Assignment ::
Copy each line of the material below that includes the string "assms".

Materials provided ::
= = = = =
lemma F_op_has_integral: "(T (indicator {0..y}) has_integral F_op T x y) {0..x}"
proof -
  have "set_integrable lebesgue {0..x} (T (indicator {0..y}))"
    by (auto intro!: set_integrable_lebesgue_if_Rp set_integrable_T_indicator
        fmeasurable_Rp_Icc fmeasurableD)
  then show ?thesis
    unfolding F_op_def by (simp add: set_lebesgue_integral_eq_integral integrable_integral)
qed

lemma F_op_scale:
  assumes "equivariant T" "0 < s"
  shows "F_op T (s * x) (s * y) = s * F_op T x y"
proof -
  let ?G = "T (indicator {0..y})" and ?H = "T (indicator {0..s * y})"
  have "((\<lambda>t. ?G (inverse s * t)) has_integral (1 / \<bar>inverse s\<bar>) *\<^sub>R F_op T x y)
      ((\<lambda>t. t / inverse s) ` {0..x})"
    using assms(2) by (intro has_integral_stretch_real F_op_has_integral) simp
  moreover have "(\<lambda>t. t / inverse s) ` {0..x} = {0..s * x}"
    using assms(2) by (subst image_divide_atLeastAtMost) (simp_all add: divide_inverse mult.commute)
  ultimately have G: "((\<lambda>t. ?G (t / s)) has_integral s * F_op T x y) {0..s * x}"
    using assms(2) by (simp add: field_simps)
  have "AE t in lebesgue. t \<in> {0..} \<longrightarrow> ?H t = ?G (t / s)"
    using equivariant_indicator_Icc[OF assms] unfolding Rp_def by (simp add: AE_restrict_space_iff)
  then obtain N where N: "\<And>t. t \<in> space lebesgue - N \<Longrightarrow> t \<in> {0..} \<longrightarrow> ?H t = ?G (t / s)"
    "N \<in> null_sets lebesgue"
    by (erule AE_E3)
  have "(?H has_integral s * F_op T x y) {0..s * x}"
    using N by (intro has_integral_spike[OF _ _ G, of N]) (auto simp: negligible_iff_null_sets)
  moreover have "(?H has_integral F_op T (s * x) (s * y)) {0..s * x}"
    by (rule F_op_has_integral)
  ultimately show ?thesis
    using has_integral_unique by blast
qed

end

lemma subdistribution2D:
  assumes "subdistribution2 F"
  shows subdistribution2_nonneg: "\<And>x y. 0 \<le> x \<Longrightarrow> 0 \<le> y \<Longrightarrow> 0 \<le> F x y"
    and subdistribution2_rectangle: "\<And>x1 x2 y1 y2. 0 \<le> x1 \<Longrightarrow> x1 \<le> x2 \<Longrightarrow> 0 \<le> y1 \<Longrightarrow> y1 \<le> y2 \<Longrightarrow>
      0 \<le> F x2 y2 - F x1 y2 - F x2 y1 + F x1 y1"
    and subdistribution2_le_min: "\<And>x y. 0 \<le> x \<Longrightarrow> 0 \<le> y \<Longrightarrow> F x y \<le> min x y"
    and subdistribution2_lipschitz: "\<And>x y x' y'. 0 \<le> x \<Longrightarrow> 0 \<le> y \<Longrightarrow> 0 \<le> x' \<Longrightarrow> 0 \<le> y' \<Longrightarrow>
      \<bar>F x y - F x' y'\<bar> \<le> \<bar>x - x'\<bar> + \<bar>y - y'\<bar>"
  using assms unfolding subdistribution2_def by simp_all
= = = = =
Task solution ::
    using assms(2) by (intro has_integral_stretch_real F_op_has_integral) simp
    using assms(2) by (subst image_divide_atLeastAtMost) (simp_all add: divide_inverse mult.commute)
    using assms(2) by (simp add: field_simps)
    using equivariant_indicator_Icc[OF assms] unfolding Rp_def by (simp add: AE_restrict_space_iff)
  using assms unfolding subdistribution2_def by simp_all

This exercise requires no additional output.